Collection entries
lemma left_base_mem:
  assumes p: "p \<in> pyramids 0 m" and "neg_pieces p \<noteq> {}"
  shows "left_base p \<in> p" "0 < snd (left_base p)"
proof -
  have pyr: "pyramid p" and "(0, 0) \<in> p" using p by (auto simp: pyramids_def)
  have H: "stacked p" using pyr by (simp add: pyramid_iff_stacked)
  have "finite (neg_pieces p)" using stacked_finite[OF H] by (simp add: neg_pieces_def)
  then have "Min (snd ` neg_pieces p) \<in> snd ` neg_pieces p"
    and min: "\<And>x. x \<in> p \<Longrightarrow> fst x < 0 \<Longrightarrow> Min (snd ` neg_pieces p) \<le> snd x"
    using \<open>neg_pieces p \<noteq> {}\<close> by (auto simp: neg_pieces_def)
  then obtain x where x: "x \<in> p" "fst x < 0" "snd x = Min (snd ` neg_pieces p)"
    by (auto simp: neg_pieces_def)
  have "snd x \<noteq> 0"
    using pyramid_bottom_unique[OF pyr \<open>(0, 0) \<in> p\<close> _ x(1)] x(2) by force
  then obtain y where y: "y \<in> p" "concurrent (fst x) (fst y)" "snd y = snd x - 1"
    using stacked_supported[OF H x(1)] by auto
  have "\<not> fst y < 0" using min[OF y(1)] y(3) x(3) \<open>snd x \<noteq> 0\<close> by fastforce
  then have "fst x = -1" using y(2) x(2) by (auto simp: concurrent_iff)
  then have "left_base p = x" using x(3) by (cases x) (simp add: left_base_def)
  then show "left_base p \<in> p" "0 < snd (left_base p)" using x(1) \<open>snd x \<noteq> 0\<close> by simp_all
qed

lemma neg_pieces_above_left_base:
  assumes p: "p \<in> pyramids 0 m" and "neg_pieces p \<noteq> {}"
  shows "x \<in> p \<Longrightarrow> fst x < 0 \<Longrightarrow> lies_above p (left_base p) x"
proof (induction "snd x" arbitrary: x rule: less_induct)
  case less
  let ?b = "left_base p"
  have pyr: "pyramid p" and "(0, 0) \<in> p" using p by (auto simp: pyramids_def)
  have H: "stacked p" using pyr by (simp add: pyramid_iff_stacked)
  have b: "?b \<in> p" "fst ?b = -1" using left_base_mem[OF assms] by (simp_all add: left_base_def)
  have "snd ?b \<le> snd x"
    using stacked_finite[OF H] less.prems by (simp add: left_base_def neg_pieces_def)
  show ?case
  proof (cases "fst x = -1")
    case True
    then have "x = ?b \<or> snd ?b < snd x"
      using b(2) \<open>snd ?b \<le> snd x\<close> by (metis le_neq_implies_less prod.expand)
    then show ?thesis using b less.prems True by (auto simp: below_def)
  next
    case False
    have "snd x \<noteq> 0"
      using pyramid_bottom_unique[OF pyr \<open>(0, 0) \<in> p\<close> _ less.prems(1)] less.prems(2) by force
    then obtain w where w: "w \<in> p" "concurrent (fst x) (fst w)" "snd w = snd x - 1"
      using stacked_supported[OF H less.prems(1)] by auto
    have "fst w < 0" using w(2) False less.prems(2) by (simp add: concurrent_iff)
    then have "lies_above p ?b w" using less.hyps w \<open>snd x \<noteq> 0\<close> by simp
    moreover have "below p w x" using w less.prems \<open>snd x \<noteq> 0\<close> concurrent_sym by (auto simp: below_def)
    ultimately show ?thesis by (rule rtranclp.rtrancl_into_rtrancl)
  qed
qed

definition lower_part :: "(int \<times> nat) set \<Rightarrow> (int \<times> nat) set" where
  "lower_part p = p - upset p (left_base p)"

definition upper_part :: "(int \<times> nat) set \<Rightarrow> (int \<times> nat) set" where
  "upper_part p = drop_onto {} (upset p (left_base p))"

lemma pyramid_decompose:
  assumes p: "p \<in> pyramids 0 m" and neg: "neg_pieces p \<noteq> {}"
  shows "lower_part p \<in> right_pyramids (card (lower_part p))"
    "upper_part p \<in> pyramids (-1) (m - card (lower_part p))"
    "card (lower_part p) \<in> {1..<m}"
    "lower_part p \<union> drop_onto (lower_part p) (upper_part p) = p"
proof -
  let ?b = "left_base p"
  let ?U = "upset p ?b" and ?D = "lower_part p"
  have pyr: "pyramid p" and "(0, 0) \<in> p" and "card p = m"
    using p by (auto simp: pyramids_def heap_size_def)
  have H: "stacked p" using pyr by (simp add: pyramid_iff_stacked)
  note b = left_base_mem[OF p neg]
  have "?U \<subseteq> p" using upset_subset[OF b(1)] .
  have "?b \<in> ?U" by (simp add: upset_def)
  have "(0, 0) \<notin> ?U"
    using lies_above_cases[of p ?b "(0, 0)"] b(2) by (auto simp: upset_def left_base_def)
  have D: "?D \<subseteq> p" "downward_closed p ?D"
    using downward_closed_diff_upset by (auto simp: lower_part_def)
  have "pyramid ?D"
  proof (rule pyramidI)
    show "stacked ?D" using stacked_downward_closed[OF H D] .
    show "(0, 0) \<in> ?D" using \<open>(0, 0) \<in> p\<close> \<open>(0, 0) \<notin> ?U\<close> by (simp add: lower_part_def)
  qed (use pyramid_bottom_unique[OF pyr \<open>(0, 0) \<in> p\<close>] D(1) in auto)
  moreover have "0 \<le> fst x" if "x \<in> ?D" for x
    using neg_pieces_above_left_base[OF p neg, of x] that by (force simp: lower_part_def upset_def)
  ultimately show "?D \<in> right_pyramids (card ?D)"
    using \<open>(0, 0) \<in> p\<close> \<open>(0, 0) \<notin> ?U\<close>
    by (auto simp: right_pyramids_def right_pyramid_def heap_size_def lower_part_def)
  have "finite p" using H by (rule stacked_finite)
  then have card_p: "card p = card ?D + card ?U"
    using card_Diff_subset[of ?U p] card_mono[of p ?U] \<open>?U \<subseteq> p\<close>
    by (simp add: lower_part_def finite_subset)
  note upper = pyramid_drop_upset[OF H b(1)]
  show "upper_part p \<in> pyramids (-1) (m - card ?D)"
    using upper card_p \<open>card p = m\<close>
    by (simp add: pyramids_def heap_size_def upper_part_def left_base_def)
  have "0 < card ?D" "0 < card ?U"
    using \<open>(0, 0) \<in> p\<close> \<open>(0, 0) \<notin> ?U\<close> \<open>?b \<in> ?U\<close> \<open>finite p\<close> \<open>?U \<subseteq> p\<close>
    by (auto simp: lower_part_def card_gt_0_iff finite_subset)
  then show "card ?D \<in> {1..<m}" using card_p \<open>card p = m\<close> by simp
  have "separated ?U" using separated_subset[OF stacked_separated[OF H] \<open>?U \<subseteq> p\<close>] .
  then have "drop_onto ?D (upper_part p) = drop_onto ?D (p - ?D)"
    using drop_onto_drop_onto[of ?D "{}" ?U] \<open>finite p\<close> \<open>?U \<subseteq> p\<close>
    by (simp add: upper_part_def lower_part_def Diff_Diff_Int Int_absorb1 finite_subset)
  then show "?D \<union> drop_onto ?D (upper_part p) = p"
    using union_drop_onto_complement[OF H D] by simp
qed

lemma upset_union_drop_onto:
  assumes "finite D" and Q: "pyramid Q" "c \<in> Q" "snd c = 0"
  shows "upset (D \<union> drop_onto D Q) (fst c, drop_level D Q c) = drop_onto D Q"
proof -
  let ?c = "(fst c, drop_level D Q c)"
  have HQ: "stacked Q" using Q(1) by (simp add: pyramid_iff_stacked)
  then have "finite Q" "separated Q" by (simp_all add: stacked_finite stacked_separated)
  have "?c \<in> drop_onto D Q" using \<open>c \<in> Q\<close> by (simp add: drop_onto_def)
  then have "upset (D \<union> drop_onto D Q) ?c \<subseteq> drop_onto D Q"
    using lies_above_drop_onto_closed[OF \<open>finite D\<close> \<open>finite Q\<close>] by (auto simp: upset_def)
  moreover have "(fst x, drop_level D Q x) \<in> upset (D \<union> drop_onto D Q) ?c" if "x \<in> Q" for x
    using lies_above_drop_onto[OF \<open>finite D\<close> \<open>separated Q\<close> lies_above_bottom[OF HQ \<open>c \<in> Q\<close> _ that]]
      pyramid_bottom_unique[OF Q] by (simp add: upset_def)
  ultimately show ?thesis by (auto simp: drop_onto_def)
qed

= Problem =
Write out, from the lines above, only those from the line with "using stacked_finite[OF H] less.prems" to the line with "(simp add: concurrent_iff)", exactly as given, including the first and the last.

= Reply to the exercise =
    using stacked_finite[OF H] less.prems by (simp add: left_base_def neg_pieces_def)
  show ?case
  proof (cases "fst x = -1")
    case True
    then have "x = ?b \<or> snd ?b < snd x"
      using b(2) \<open>snd ?b \<le> snd x\<close> by (metis le_neq_implies_less prod.expand)
    then show ?thesis using b less.prems True by (auto simp: below_def)
  next
    case False
    have "snd x \<noteq> 0"
      using pyramid_bottom_unique[OF pyr \<open>(0, 0) \<in> p\<close> _ less.prems(1)] less.prems(2) by force
    then obtain w where w: "w \<in> p" "concurrent (fst x) (fst w)" "snd w = snd x - 1"
      using stacked_supported[OF H less.prems(1)] by auto
    have "fst w < 0" using w(2) False less.prems(2) by (simp add: concurrent_iff)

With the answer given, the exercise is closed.